text \<open>The box of \<open>T\<^sub>w\<close> coming from position \<open>p\<close> of the list \<open>w\<close> (0-indexed) contains \<open>p + 1\<close>,
  so column \<open>c\<close> holds the positions of the letter \<open>c\<close>, the rightmost one at the bottom.
  The offset \<open>d\<close> accounts for the letters of a longer word preceding \<open>u\<close>.\<close>

definition letter_col :: "nat \<Rightarrow> nat list \<Rightarrow> nat \<Rightarrow> nat list" where
  "letter_col d u c = rev (map (\<lambda>p. p + d) (occurrences u c))"

definition letter_cols :: "nat \<Rightarrow> nat \<Rightarrow> nat list \<Rightarrow> nat list list" where
  "letter_cols M d u = map (letter_col d u) [1..<Suc M]"

lemma letter_col_Cons:
  "letter_col d (a # u) c = letter_col (Suc d) u c @ (if a = c then [d] else [])"
  by (simp add: letter_col_def occurrences_Cons o_def)

lemma length_letter_col: "length (letter_col d u c) = count_list u c"
  by (simp add: letter_col_def length_occurrences)

lemma length_letter_cols [simp]: "length (letter_cols M d u) = M"
  by (simp add: letter_cols_def)

lemma nth_letter_cols: "j < M \<Longrightarrow> letter_cols M d u ! j = letter_col d u (Suc j)"
  by (simp add: letter_cols_def del: upt_Suc)

lemma letter_cols_Cons:
  assumes "1 \<le> a" "a \<le> M"
  shows "letter_cols M d (a # u) =
    (letter_cols M (Suc d) u)[a - 1 := letter_cols M (Suc d) u ! (a - 1) @ [d]]"
  by (rule nth_equalityI) (use assms in \<open>auto simp: nth_letter_cols letter_col_Cons nth_list_update\<close>)

lemma letter_cols_length_antimono:
  "reverse_lattice u \<Longrightarrow> sorted_wrt (\<lambda>x y. length y \<le> length x) (letter_cols M d u)"
  unfolding letter_cols_def sorted_wrt_map
  by (rule sorted_wrt_mono_rel[OF _ sorted_wrt_upt])
     (auto simp: length_letter_col intro: reverse_lattice_count_antimono)

fun T_from :: "nat \<Rightarrow> nat list \<Rightarrow> tableau" where
  "T_from d [] = []"
| "T_from d (a # u) = add_in_col a d (T_from (Suc d) u)"

lemma foldl_add_in_col_eq_T_from:
  "m \<le> length w \<Longrightarrow>
   foldl (\<lambda>T k. add_in_col (w ! (length w - k)) (length w - k + 1) T) [] [1..<Suc m]
   = T_from (length w - m + 1) (drop (length w - m) w)"
proof (induction m)
  case 0
  then show ?case by simp
next
  case (Suc m)
  have "drop (length w - Suc m) w = w ! (length w - Suc m) # drop (length w - m) w"
    using Suc.prems Cons_nth_drop_Suc[of "length w - Suc m" w] by (simp add: Suc_diff_Suc)
  moreover have "Suc (length w - Suc m + 1) = length w - m + 1"
    using Suc.prems by simp
  ultimately show ?case
    using Suc by simp
qed

lemma T_of_word_eq_T_from: "T_of_word w = T_from 1 w"
  using foldl_add_in_col_eq_T_from[of "length w" w] by (simp add: T_of_word_def)

theorem T_from_eq_tableau_of_letter_cols:
  "\<forall>a\<in>set u. 1 \<le> a \<and> a \<le> M \<Longrightarrow> reverse_lattice u \<Longrightarrow>
   T_from d u = tableau_of_cols (letter_cols M d u)"
proof (induction u arbitrary: d)
  case Nil
  have "cols_height (letter_cols M d []) = 0"
    by (rule order_antisym, rule cols_height_le) (auto simp: letter_cols_def letter_col_def)
  then show ?case
    by (simp add: tableau_of_cols_def)
next
  case (Cons a u)
  let ?cols = "letter_cols M (Suc d) u"
  have "reverse_lattice u"
    using reverse_lattice_Cons Cons.prems(2) by blast
  have a: "1 \<le> a" "a \<le> M"
    using Cons.prems(1) by auto
  have "T_from d (a # u) = add_in_col (Suc (a - 1)) d (tableau_of_cols ?cols)"
    using Cons a \<open>reverse_lattice u\<close> by simp
  also have "\<dots> = tableau_of_cols (?cols[a - 1 := ?cols ! (a - 1) @ [d]])"
  proof (rule add_in_col_tableau_of_cols)
    show "a - 1 < length ?cols"
      using a by simp
    show "sorted_wrt (\<lambda>x y. length y \<le> length x) ?cols"
      using letter_cols_length_antimono \<open>reverse_lattice u\<close> .
    show "\<forall>j < a - 1. length (?cols ! (a - 1)) < length (?cols ! j)"
    proof (intro allI impI)
      fix j assume j: "j < a - 1"
      have "count_list (a # u) a \<le> count_list (a # u) (a - 1)"
        using reverse_lattice_count_antimono[OF Cons.prems(2), of "a - 1" a] j by simp
      then have "Suc (count_list u a) \<le> count_list u (a - 1)"
        using j by (simp split: if_splits)
      moreover have "count_list u (a - 1) \<le> count_list u (Suc j)"
        using reverse_lattice_count_antimono[OF \<open>reverse_lattice u\<close>, of "Suc j" "a - 1"] j by simp
      ultimately show "length (?cols ! (a - 1)) < length (?cols ! j)"
        using j a by (simp add: nth_letter_cols length_letter_col)
    qed
  qed
  also have "\<dots> = tableau_of_cols (letter_cols M d (a # u))"
    using letter_cols_Cons[OF a] by simp
  finally show ?case .
qed

section \<open>The letter columns are decreasing\<close>

lemma count_list_drop_eq_card: "count_list (drop q w) c = card {p \<in> set (occurrences w c). q \<le> p}"
proof -
  have "drop q w = map ((!) w) [q..<length w]"
    by (rule nth_equalityI) auto
  then have "count_list (drop q w) c = length (filter (\<lambda>p. w ! p = c) [q..<length w])"
    by (simp add: count_list_eq_length_filter filter_map o_def eq_commute)
  also have "\<dots> = card ({p. w ! p = c} \<inter> {q..<length w})"
    by (simp add: distinct_length_filter)
  also have "{p. w ! p = c} \<inter> {q..<length w} = {p \<in> set (occurrences w c). q \<le> p}"
    by (auto simp: set_occurrences)
  finally show ?thesis .
qed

ABOUT THIS EXERCISE. Your answer should hold every line of the entries that contains the string "rule".

EXERCISE OUTPUT.
  by (rule nth_equalityI) (use assms in \<open>auto simp: nth_letter_cols letter_col_Cons nth_list_update\<close>)
  by (rule sorted_wrt_mono_rel[OF _ sorted_wrt_upt])
    by (rule order_antisym, rule cols_height_le) (auto simp: letter_cols_def letter_col_def)
  proof (rule add_in_col_tableau_of_cols)
    by (rule nth_equalityI) auto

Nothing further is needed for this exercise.